■ **Description of the task**: Return exactly the lines that run from the one with "unfolding real_visits_eq_indicator_sum[OF assms(1,2)]" to the last line of the entries below, both included, and nothing else.

Stored data entries

lemma C_psi_le_tau:
  assumes "\<And>n. finite (Delta'_n T n)" "0 \<le> tau T"
  shows "C_psi T \<le> tau T"
  unfolding C_psi_def
proof (rule Sup_least)
  fix a assume "a \<in> {0} \<union> {ereal \<alpha> |\<alpha>. 0 < \<alpha> \<and> (AE p in unit_square.
      liminf (\<lambda>n. ereal (real n powr \<alpha> * dnint ((T ^^ n) (fst p) - (T ^^ n) (snd p)))) = 0)}"
  then show "a \<le> tau T"
  proof
    assume "a \<in> {ereal \<alpha> |\<alpha>. 0 < \<alpha> \<and> (AE p in unit_square.
      liminf (\<lambda>n. ereal (real n powr \<alpha> * dnint ((T ^^ n) (fst p) - (T ^^ n) (snd p)))) = 0)}"
    then obtain \<alpha> where a: "a = ereal \<alpha>" "0 < \<alpha>" and AE_0: "AE p in unit_square.
        liminf (\<lambda>n. ereal (real n powr \<alpha> * dnint ((T ^^ n) (fst p) - (T ^^ n) (snd p)))) = 0"
      by blast
    show ?thesis
    proof (rule ccontr)
      assume "\<not> a \<le> tau T"
      then have "tau T < ereal \<alpha>" using a(1) by simp
      then obtain \<beta> where \<beta>: "tau T < ereal \<beta>" "ereal \<beta> < ereal \<alpha>" using ereal_dense2 by blast
      have "eventually (\<lambda>n. real (card (Delta'_n T n)) \<le> real n powr \<beta>) sequentially"
        using \<beta>(1) unfolding tau_def by (rule eventually_le_powr_if_log_ratio_Limsup_less)
      moreover have "\<beta> < \<alpha>" using \<beta>(2) by simp
      ultimately have "AE p in unit_square. 1 \<le> liminf (\<lambda>n.
          ereal (real n powr \<alpha> * dnint ((T ^^ n) (fst p) - (T ^^ n) (snd p))))"
        using assms(1) a(2) by (intro AE_liminf_ge_1)
      from this AE_0
      have "AE p in unit_square. False" by eventually_elim simp
      then show False using prob_space.AE_False[OF prob_space_unit_square] by simp
    qed
  qed (use assms(2) in simp)
qed

section \<open>Interval exchange transformations\<close>

lemma sum_weights_zero_shift:
  fixes m :: "'a \<Rightarrow> 'b::comm_ring"
  assumes "sum m A = 0"
  shows "(\<Sum>j\<in>A. m j * t j) = (\<Sum>j\<in>A. m j * (t j - c))"
  using assms by (simp add: right_diff_distrib sum_subtractf flip: sum_distrib_right)

locale interval_exchange =
  fixes r :: nat and \<pi> :: "nat \<Rightarrow> nat" and l :: "nat \<Rightarrow> real"
  assumes data: "is_iet_data r \<pi> l"
begin

abbreviation T :: "real \<Rightarrow> real" where "T \<equiv> iet r \<pi> l"

lemma r_ge_1: "r \<ge> 1" using data by (simp add: is_iet_data_def)
lemma length_pos: "i \<in> {1..r} \<Longrightarrow> l i > 0" using data by (simp add: is_iet_data_def)
lemma lengths_sum: "(\<Sum>i\<in>{1..r}. l i) = 1" using data by (simp add: is_iet_data_def)

lemma iet_s_0: "iet_s l 0 = 0" by (simp add: iet_s_def)
lemma iet_s_Suc: "iet_s l (Suc k) = iet_s l k + l (Suc k)"
  by (simp add: iet_s_def add.commute)
lemma iet_s_r: "iet_s l r = 1" using lengths_sum by (simp add: iet_s_def)

lemma iet_s_strict_mono: "i < j \<Longrightarrow> j \<le> r \<Longrightarrow> iet_s l i < iet_s l j"
proof (induction j)
  case (Suc j)
  have "l (Suc j) > 0" using Suc.prems by (intro length_pos) auto
  then show ?case using Suc by (cases "i = j") (auto simp: iet_s_Suc)
qed simp

lemma iet_s_mono: "i \<le> j \<Longrightarrow> j \<le> r \<Longrightarrow> iet_s l i \<le> iet_s l j"
  using iet_s_strict_mono by (cases "i = j") (auto simp: order.strict_implies_order)

lemma iet_s_diff: "k \<ge> 1 \<Longrightarrow> iet_s l k - iet_s l (k - 1) = l k"
  using iet_s_Suc[of "k - 1"] by simp

lemma sum_lengths_before: "k \<ge> 1 \<Longrightarrow> (\<Sum>i\<in>{1..<k}. l i) = iet_s l (k - 1)"
  unfolding iet_s_def by (rule sum.cong) auto

lemma ex1_interval_index:
  assumes "x \<in> {0..<1}"
  shows "\<exists>!k. k \<in> {1..r} \<and> iet_s l (k - 1) \<le> x \<and> x < iet_s l k"
proof -
  have ex: "\<exists>k. x < iet_s l k" using assms iet_s_r by (intro exI[of _ r]) auto
  define k where "k = (LEAST k. x < iet_s l k)"
  have k1: "x < iet_s l k" unfolding k_def by (rule LeastI_ex[OF ex])
  have kr: "k \<le> r" unfolding k_def using assms iet_s_r by (intro Least_le) auto
  have k0: "k \<noteq> 0" using k1 assms iet_s_0 by (cases k) auto
  have k2: "iet_s l (k - 1) \<le> x"
    using not_less_Least[of "k - 1" "\<lambda>k. x < iet_s l k"] k0 by (simp add: k_def)
  show ?thesis
  proof (rule ex1I[of _ k])
    fix k' assume k': "k' \<in> {1..r} \<and> iet_s l (k' - 1) \<le> x \<and> x < iet_s l k'"
    show "k' = k"
    proof (rule linorder_cases[of k' k])
      assume "k' < k"
      then have "iet_s l k' \<le> iet_s l (k - 1)" using kr by (intro iet_s_mono) auto
      then show ?thesis using k' k2 by auto
    next
      assume "k < k'"
      then have "iet_s l k \<le> iet_s l (k' - 1)" using k' by (intro iet_s_mono) auto
      then show ?thesis using k' k1 by auto
    qed
  qed (use k0 kr k1 k2 in auto)
qed

definition interval_index :: "real \<Rightarrow> nat" where
  "interval_index x = (THE k. k \<in> {1..r} \<and> iet_s l (k - 1) \<le> x \<and> x < iet_s l k)"

lemma interval_index:
  assumes "x \<in> {0..<1}"
  shows "interval_index x \<in> {1..r}" "iet_s l (interval_index x - 1) \<le> x" "x < iet_s l (interval_index x)"
  using theI'[OF ex1_interval_index[OF assms]] unfolding interval_index_def by auto

lemma interval_index_eq_iff:
  assumes "x \<in> {0..<1}" "j \<in> {1..r}"
  shows "interval_index x = j \<longleftrightarrow> x \<in> {iet_s l (j - 1)..<iet_s l j}"
  using interval_index[OF assms(1)] ex1_interval_index[OF assms(1)] assms(2) by auto

definition translation :: "nat \<Rightarrow> real" where
  "translation k = (\<Sum>i\<in>{i\<in>{1..r}. \<pi> i < \<pi> k}. l i) - (\<Sum>i\<in>{1..<k}. l i)"

lemma iet_eq_translation: "x \<in> {0..<1} \<Longrightarrow> T x = x + translation (interval_index x)"
  unfolding iet_def translation_def interval_index_def[symmetric] Let_def by simp

lemma iet_in_unit_interval:
  assumes "x \<in> {0..<1}"
  shows "T x \<in> {0..<1}"
proof -
  define k where "k = interval_index x"
  have k: "k \<in> {1..r}" "iet_s l (k - 1) \<le> x" "x < iet_s l k"
    using interval_index[OF assms] by (auto simp: k_def)
  define A where "A = (\<Sum>i\<in>{i\<in>{1..r}. \<pi> i < \<pi> k}. l i)"
  have "0 \<le> A" unfolding A_def by (intro sum_nonneg) (simp add: less_imp_le length_pos)
  have "A + l k = (\<Sum>i\<in>insert k {i\<in>{1..r}. \<pi> i < \<pi> k}. l i)"
    unfolding A_def by (subst sum.insert) auto
  also have "\<dots> \<le> (\<Sum>i\<in>{1..r}. l i)"
    using k by (intro sum_mono2) (auto simp: less_imp_le length_pos)
  finally have "A + l k \<le> 1" using lengths_sum by simp
  moreover have "T x = x - iet_s l (k - 1) + A"
    using iet_eq_translation[OF assms] sum_lengths_before[of k] k
    by (simp add: translation_def A_def k_def)
  moreover have "iet_s l k = iet_s l (k - 1) + l k" using iet_s_diff[of k] k by simp
  ultimately show ?thesis using k \<open>0 \<le> A\<close> by auto
qed

lemma funpow_iet_in_unit_interval: "x \<in> {0..<1} \<Longrightarrow> (T ^^ m) x \<in> {0..<1}"
  by (rule funpow_in_unit_interval[OF iet_in_unit_interval])

definition visits :: "nat \<Rightarrow> real \<Rightarrow> nat \<Rightarrow> nat" where
  "visits j x k = card {m \<in> {..<k}. interval_index ((T ^^ m) x) = j}"

lemma visits_0 [simp]: "visits j x 0 = 0"
  by (simp add: visits_def)

lemma visits_Suc:
  "visits j x (Suc k) = visits j x k + (if interval_index ((T ^^ k) x) = j then 1 else 0)"
proof -
  have "{m \<in> {..<Suc k}. interval_index ((T ^^ m) x) = j}
      = (if interval_index ((T ^^ k) x) = j then insert k else id)
          {m \<in> {..<k}. interval_index ((T ^^ m) x) = j}"
    by (auto simp: less_Suc_eq)
  then show ?thesis by (simp add: visits_def)
qed

lemma sum_visits:
  assumes "x \<in> {0..<1}"
  shows "(\<Sum>j\<in>{1..r}. visits j x k) = k"
proof (induction k)
  case (Suc k)
  have "interval_index ((T ^^ k) x) \<in> {1..r}"
    by (rule interval_index(1)[OF funpow_iet_in_unit_interval[OF assms]])
  then show ?case using Suc.IH by (simp add: visits_Suc sum.distrib)
qed simp

lemma funpow_iet_displacement:
  assumes "x \<in> {0..<1}"
  shows "(T ^^ k) x - x = (\<Sum>j\<in>{1..r}. real (visits j x k) * translation j)"
proof (induction k)
  case (Suc k)
  let ?i = "interval_index ((T ^^ k) x)"
  have i: "?i \<in> {1..r}" by (rule interval_index(1)[OF funpow_iet_in_unit_interval[OF assms]])
  have "(T ^^ Suc k) x - x = ((T ^^ k) x - x) + translation ?i"
    using iet_eq_translation[OF funpow_iet_in_unit_interval[OF assms]] by simp
  also have "\<dots> = (\<Sum>j\<in>{1..r}. real (visits j x k) * translation j + (if ?i = j then translation j else 0))"
    using i by (simp add: Suc.IH sum.distrib)
  also have "\<dots> = (\<Sum>j\<in>{1..r}. real (visits j x (Suc k)) * translation j)"
    by (intro sum.cong refl) (simp add: visits_Suc distrib_right)
  finally show ?case .
qed simp

lemma real_visits_eq_indicator_sum:
  assumes "x \<in> {0..<1}" "j \<in> {1..r}"
  shows "real (visits j x k) = (\<Sum>m<k. indicator {iet_s l (j - 1)..<iet_s l j} ((T ^^ m) x))"
proof (induction k)
  case (Suc k)
  have "interval_index ((T ^^ k) x) = j \<longleftrightarrow> (T ^^ k) x \<in> {iet_s l (j - 1)..<iet_s l j}"
    by (rule interval_index_eq_iff[OF funpow_iet_in_unit_interval[OF assms(1)] assms(2)])
  then show ?case by (simp add: visits_Suc Suc.IH indicator_def)
qed simp

lemma visits_deviation:
  assumes "x \<in> {0..<1}" "j \<in> {1..r}" "k \<ge> 1"
  shows "\<bar>real (visits j x k) - real k * l j\<bar> \<le> 2 * real k * discr T k"
proof -
  have "0 \<le> iet_s l (j - 1)" "iet_s l (j - 1) \<le> iet_s l j" "iet_s l j \<le> 1"
    using iet_s_mono[of 0 "j - 1"] iet_s_mono[of "j - 1" j] iet_s_mono[of j r] iet_s_0 iet_s_r assms(2)
    by auto
  from visits_deviation_le_discr[of T, OF iet_in_unit_interval assms(1,3) this]
  have "\<bar>real (visits j x k) - real k * (iet_s l j - iet_s l (j - 1))\<bar> \<le> 2 * real k * discr T k"
    unfolding real_visits_eq_indicator_sum[OF assms(1,2)] .
  moreover have "iet_s l j - iet_s l (j - 1) = l j" using assms(2) by (intro iet_s_diff) simp
  ultimately show ?thesis by simp
qed

definition translation_combination :: "(nat \<Rightarrow> int) \<Rightarrow> real" where
  "translation_combination m = frac (\<Sum>j\<in>{1..<r}. of_int (m j) * (translation j - translation r))"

■ **Solution to the exercise**:
    unfolding real_visits_eq_indicator_sum[OF assms(1,2)] .
  moreover have "iet_s l j - iet_s l (j - 1) = l j" using assms(2) by (intro iet_s_diff) simp
  ultimately show ?thesis by simp
qed

definition translation_combination :: "(nat \<Rightarrow> int) \<Rightarrow> real" where
  "translation_combination m = frac (\<Sum>j\<in>{1..<r}. of_int (m j) * (translation j - translation r))"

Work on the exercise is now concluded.